- _WORK REQUIRED_: Print the records below word for word, beginning with the first line and ending once the line containing "obtain e where" is printed.

Stored items
━━━━━━━━━━

lemma asdim_prop_imp_chain_bounded_colouring:
  assumes X: "coarse_space X E" and "asdim_prop X E n" and "\<epsilon> \<in> E"
  shows "\<exists>\<delta>\<in>E. \<exists>\<chi>. chain_bounded_colouring n \<epsilon> \<delta> X \<chi>"
proof -
  obtain e where e: "(\<forall>i. e i \<in> E) \<and> mono e \<and> (\<forall>i. e i O \<epsilon> \<subseteq> e (Suc i))"
    using coarse_space_iterated_entourages[OF X \<open>\<epsilon> \<in> E\<close>] ..
  then have E: "e i \<in> E" and "mono e" and step: "e i O \<epsilon> \<subseteq> e (Suc i)" for i
    by simp_all
  have "\<exists>\<U>. \<Union>\<U> = X \<and> (\<exists>\<delta>\<in>E. mesh \<U> \<subseteq> \<delta>) \<and>
     (\<forall>x\<in>X. finite (members_meeting \<U> x (e (Suc n))) \<and>
             card (members_meeting \<U> x (e (Suc n))) \<le> n + 1)"
    using \<open>asdim_prop X E n\<close> E unfolding asdim_prop_def members_meeting_def by (rule bspec)
  then obtain \<U> \<delta> where "\<Union>\<U> = X" "\<delta> \<in> E" "mesh \<U> \<subseteq> \<delta>"
    and mult: "\<forall>x\<in>X. finite (members_meeting \<U> x (e (Suc n))) \<and>
                      card (members_meeting \<U> x (e (Suc n))) \<le> n + 1"
    by blast
  interpret layered_cover X \<epsilon> e \<U> n
  proof unfold_locales
    show "sym \<epsilon>" "sym (e i)" "Id_on X \<subseteq> e i" for i
      using coarse_space_entourageD[OF X] \<open>\<epsilon> \<in> E\<close> E by blast+
  qed (use \<open>mono e\<close> step \<open>\<Union>\<U> = X\<close> mult in auto)
  obtain \<eta>\<^sub>1 where "\<eta>\<^sub>1 \<in> E" "\<delta> O e (Suc n) \<subseteq> \<eta>\<^sub>1"
    using coarse_space_relcomp[OF X \<open>\<delta> \<in> E\<close> E] .
  obtain \<eta> where "\<eta> \<in> E" "e (Suc n) O \<eta>\<^sub>1 \<subseteq> \<eta>"
    using coarse_space_relcomp[OF X E \<open>\<eta>\<^sub>1 \<in> E\<close>] .
  have "e (Suc n) O mesh \<U> O e (Suc n) \<subseteq> \<eta>"
    using \<open>mesh \<U> \<subseteq> \<delta>\<close> \<open>\<delta> O e (Suc n) \<subseteq> \<eta>\<^sub>1\<close> \<open>e (Suc n) O \<eta>\<^sub>1 \<subseteq> \<eta>\<close> by blast
  then have "chain_bounded_colouring n \<epsilon> \<eta> X colour"
    using colour_le monochrome_chain_square unfolding chain_bounded_colouring_def by blast
  with \<open>\<eta> \<in> E\<close> show ?thesis by blast
qed

subsection \<open>Gluing colourings of finite sets\<close>

lemma consistent_partial_colouring_Union_chain:
  assumes "Ch \<noteq> {}" and chain: "subset.chain {p. consistent_partial_colouring X n P p} Ch"
  shows "consistent_partial_colouring X n P (\<Union>Ch)"
proof -
  have Ch: "p \<subseteq> X \<times> {..n}" "F \<subseteq> X \<Longrightarrow> finite F \<Longrightarrow> \<exists>\<chi>. P F \<chi> \<and> extends_on F \<chi> p"
    if "p \<in> Ch" for p F
    using chain that unfolding subset.chain_def consistent_partial_colouring_def by blast+
  then have sub: "\<Union>Ch \<subseteq> X \<times> {..n}"
    by blast
  have "\<exists>\<chi>. P F \<chi> \<and> extends_on F \<chi> (\<Union>Ch)" if F: "F \<subseteq> X" "finite F" for F
  proof -
    have "finite (\<Union>Ch \<inter> F \<times> {..n})"
      using F by blast
    then obtain p where "p \<in> Ch" and p: "\<Union>Ch \<inter> F \<times> {..n} \<subseteq> p"
      using finite_subset_Union_chain[OF _ _ \<open>Ch \<noteq> {}\<close> chain] by blast
    then obtain \<chi> where "P F \<chi>" "extends_on F \<chi> p"
      using Ch(2) F by blast
    moreover have "extends_on F \<chi> (\<Union>Ch)"
      using \<open>extends_on F \<chi> p\<close> p sub unfolding extends_on_def by blast
    ultimately show ?thesis
      by blast
  qed
  with sub show ?thesis
    unfolding consistent_partial_colouring_def by blast
qed

text \<open>If no colour fits at \<open>x\<close>, pick for each colour \<open>c \<le> n\<close> a finite witness \<open>G c\<close> of the
  inconsistency; a colouring of the finite set \<open>{x} \<union> \<Union>\<^sub>c G c\<close> gives \<open>x\<close> some colour \<open>c\<close> and
  contradicts the witness \<open>G c\<close>.\<close>
lemma maximal_consistent_partial_colouring_total:
  assumes bounded: "\<And>F \<chi> x. P F \<chi> \<Longrightarrow> x \<in> F \<Longrightarrow> \<chi> x \<le> n"
    and subset: "\<And>F G \<chi>. P F \<chi> \<Longrightarrow> G \<subseteq> F \<Longrightarrow> P G \<chi>"
    and p: "consistent_partial_colouring X n P p"
    and maximal: "\<forall>q. consistent_partial_colouring X n P q \<longrightarrow> p \<subseteq> q \<longrightarrow> q = p"
    and "x \<in> X"
  shows "\<exists>c. (x, c) \<in> p"
proof (rule ccontr)
  assume uncoloured: "\<nexists>c. (x, c) \<in> p"
  have "\<forall>c\<in>{..n}. \<exists>G. G \<subseteq> X \<and> finite G \<and> (\<forall>\<chi>. P G \<chi> \<longrightarrow> \<not> extends_on G \<chi> (insert (x, c) p))"
  proof
    fix c assume "c \<in> {..n}"
    have "\<not> consistent_partial_colouring X n P (insert (x, c) p)"
      using maximal uncoloured by blast
    moreover have "insert (x, c) p \<subseteq> X \<times> {..n}"
      using p \<open>x \<in> X\<close> \<open>c \<in> {..n}\<close> unfolding consistent_partial_colouring_def by blast
    ultimately show "\<exists>G. G \<subseteq> X \<and> finite G \<and> (\<forall>\<chi>. P G \<chi> \<longrightarrow> \<not> extends_on G \<chi> (insert (x, c) p))"
      unfolding consistent_partial_colouring_def by blast
  qed
  then obtain G where G: "\<forall>c\<in>{..n}. G c \<subseteq> X \<and> finite (G c) \<and>
      (\<forall>\<chi>. P (G c) \<chi> \<longrightarrow> \<not> extends_on (G c) \<chi> (insert (x, c) p))"
    by (rule bchoice[elim_format]) blast
  let ?F = "insert x (\<Union>c\<le>n. G c)"
  have "?F \<subseteq> X" "finite ?F"
    using G \<open>x \<in> X\<close> by auto
  then obtain \<chi> where "P ?F \<chi>" "extends_on ?F \<chi> p"
    using p unfolding consistent_partial_colouring_def by blast
  have "\<chi> x \<in> {..n}"
    using bounded[OF \<open>P ?F \<chi>\<close>] by simp
  then have "G (\<chi> x) \<subseteq> ?F"
    by blast
  then have "P (G (\<chi> x)) \<chi>" "extends_on (G (\<chi> x)) \<chi> (insert (x, \<chi> x) p)"
    using subset[OF \<open>P ?F \<chi>\<close>] \<open>extends_on ?F \<chi> p\<close> unfolding extends_on_def by auto
  with G \<open>\<chi> x \<in> {..n}\<close> show False
    by blast
qed

lemma finite_colouring_compactness:
  fixes P :: "'a set \<Rightarrow> ('a \<Rightarrow> nat) \<Rightarrow> bool"
  assumes colourable: "\<And>F. F \<subseteq> X \<Longrightarrow> finite F \<Longrightarrow> \<exists>\<chi>. P F \<chi>"
    and bounded: "\<And>F \<chi> x. P F \<chi> \<Longrightarrow> x \<in> F \<Longrightarrow> \<chi> x \<le> n"
    and subset: "\<And>F G \<chi>. P F \<chi> \<Longrightarrow> G \<subseteq> F \<Longrightarrow> P G \<chi>"
    and local: "\<And>F \<chi> \<chi>'. P F \<chi> \<Longrightarrow> (\<And>x. x \<in> F \<Longrightarrow> \<chi>' x = \<chi> x) \<Longrightarrow> P F \<chi>'"
  shows "\<exists>\<chi>. \<forall>F. F \<subseteq> X \<and> finite F \<longrightarrow> P F \<chi>"
proof -
  let ?A = "{p. consistent_partial_colouring X n P p}"
  have "{} \<in> ?A"
    using colourable unfolding consistent_partial_colouring_def extends_on_def by simp
  have "\<exists>p\<in>?A. \<forall>q\<in>?A. p \<subseteq> q \<longrightarrow> q = p"
  proof (rule subset_Zorn_nonempty)
    show "?A \<noteq> {}"
      using \<open>{} \<in> ?A\<close> by blast
    show "\<Union>Ch \<in> ?A" if "Ch \<noteq> {}" "subset.chain ?A Ch" for Ch
      using consistent_partial_colouring_Union_chain[OF that] by simp
  qed
  then obtain p where p: "consistent_partial_colouring X n P p"
    and maximal: "\<forall>q. consistent_partial_colouring X n P q \<longrightarrow> p \<subseteq> q \<longrightarrow> q = p"
    by auto
  define \<chi> where "\<chi> x = (SOME c. (x, c) \<in> p)" for x
  have \<chi>: "(x, \<chi> x) \<in> p" if "x \<in> X" for x
  proof -
    have "\<exists>c. (x, c) \<in> p"
      using bounded subset p maximal \<open>x \<in> X\<close> by (rule maximal_consistent_partial_colouring_total)
    then obtain c where "(x, c) \<in> p" ..
    then show ?thesis
      unfolding \<chi>_def by (rule someI)
  qed
  have "P F \<chi>" if F: "F \<subseteq> X" "finite F" for F
  proof -
    have "\<exists>\<chi>'. P F \<chi>' \<and> extends_on F \<chi>' p"
      using p F unfolding consistent_partial_colouring_def by simp
    then obtain \<chi>' where "P F \<chi>'" "extends_on F \<chi>' p"
      by (elim exE conjE)
    have "\<chi> x = \<chi>' x" if "x \<in> F" for x
    proof -
      have "(x, \<chi> x) \<in> p"
        using \<chi> \<open>F \<subseteq> X\<close> that by blast
      with \<open>extends_on F \<chi>' p\<close> that show ?thesis
        unfolding extends_on_def by metis
    qed
    with \<open>P F \<chi>'\<close> show ?thesis
      by (rule local)
  qed
  then show ?thesis
    by blast
qed

lemma chain_bounded_colouring_subset:
  "chain_bounded_colouring n \<epsilon> \<delta> F \<chi> \<Longrightarrow> G \<subseteq> F \<Longrightarrow> chain_bounded_colouring n \<epsilon> \<delta> G \<chi>"
  unfolding chain_bounded_colouring_def by blast

lemma chain_bounded_colouring_cong:
  assumes "chain_bounded_colouring n \<epsilon> \<delta> F \<chi>" and agree: "\<And>x. x \<in> F \<Longrightarrow> \<chi>' x = \<chi> x"
  shows "chain_bounded_colouring n \<epsilon> \<delta> F \<chi>'"
proof -
  have "monochrome \<chi>' C \<longleftrightarrow> monochrome \<chi> C" if "C \<subseteq> F" for C
    using that agree unfolding monochrome_def by (metis subsetD)
  then show ?thesis
    using assms unfolding chain_bounded_colouring_def by auto
qed

lemma chain_bounded_colouring_compactness:
  "(\<exists>\<chi>. chain_bounded_colouring n \<epsilon> \<delta> X \<chi>) \<longleftrightarrow>
     (\<forall>F. F \<subseteq> X \<and> finite F \<longrightarrow> (\<exists>\<chi>. chain_bounded_colouring n \<epsilon> \<delta> F \<chi>))"
proof
  assume "\<forall>F. F \<subseteq> X \<and> finite F \<longrightarrow> (\<exists>\<chi>. chain_bounded_colouring n \<epsilon> \<delta> F \<chi>)"
  then have "\<exists>\<chi>. \<forall>F. F \<subseteq> X \<and> finite F \<longrightarrow> chain_bounded_colouring n \<epsilon> \<delta> F \<chi>"
  proof (intro finite_colouring_compactness)
    show "\<chi> x \<le> n" if "chain_bounded_colouring n \<epsilon> \<delta> F \<chi>" "x \<in> F" for F \<chi> x
      using that unfolding chain_bounded_colouring_def by blast
  qed (auto intro: chain_bounded_colouring_subset chain_bounded_colouring_cong)
  then obtain \<chi> where \<chi>: "\<forall>F. F \<subseteq> X \<and> finite F \<longrightarrow> chain_bounded_colouring n \<epsilon> \<delta> F \<chi>" ..
  have "chain_bounded_colouring n \<epsilon> \<delta> X \<chi>"
    unfolding chain_bounded_colouring_def
  proof (intro conjI ballI allI impI)
    show "\<chi> x \<le> n" if "x \<in> X" for x
    proof -
      have "chain_bounded_colouring n \<epsilon> \<delta> {x} \<chi>"
        using \<chi> that by simp
      then show ?thesis
        unfolding chain_bounded_colouring_def by simp
    qed
    fix C assume C: "C \<subseteq> X \<and> eps_chain \<epsilon> C \<and> monochrome \<chi> C"
    then have "chain_bounded_colouring n \<epsilon> \<delta> C \<chi>"
      using \<chi> finite_eps_chain by blast
    with C show "C \<times> C \<subseteq> \<delta>"
      unfolding chain_bounded_colouring_def by blast
  qed
  then show "\<exists>\<chi>. chain_bounded_colouring n \<epsilon> \<delta> X \<chi>" by blast
qed (use chain_bounded_colouring_subset in blast)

━━━━━━━━━━

- _OUTPUT BELOW_:
lemma asdim_prop_imp_chain_bounded_colouring:
  assumes X: "coarse_space X E" and "asdim_prop X E n" and "\<epsilon> \<in> E"
  shows "\<exists>\<delta>\<in>E. \<exists>\<chi>. chain_bounded_colouring n \<epsilon> \<delta> X \<chi>"
proof -
  obtain e where e: "(\<forall>i. e i \<in> E) \<and> mono e \<and> (\<forall>i. e i O \<epsilon> \<subseteq> e (Suc i))"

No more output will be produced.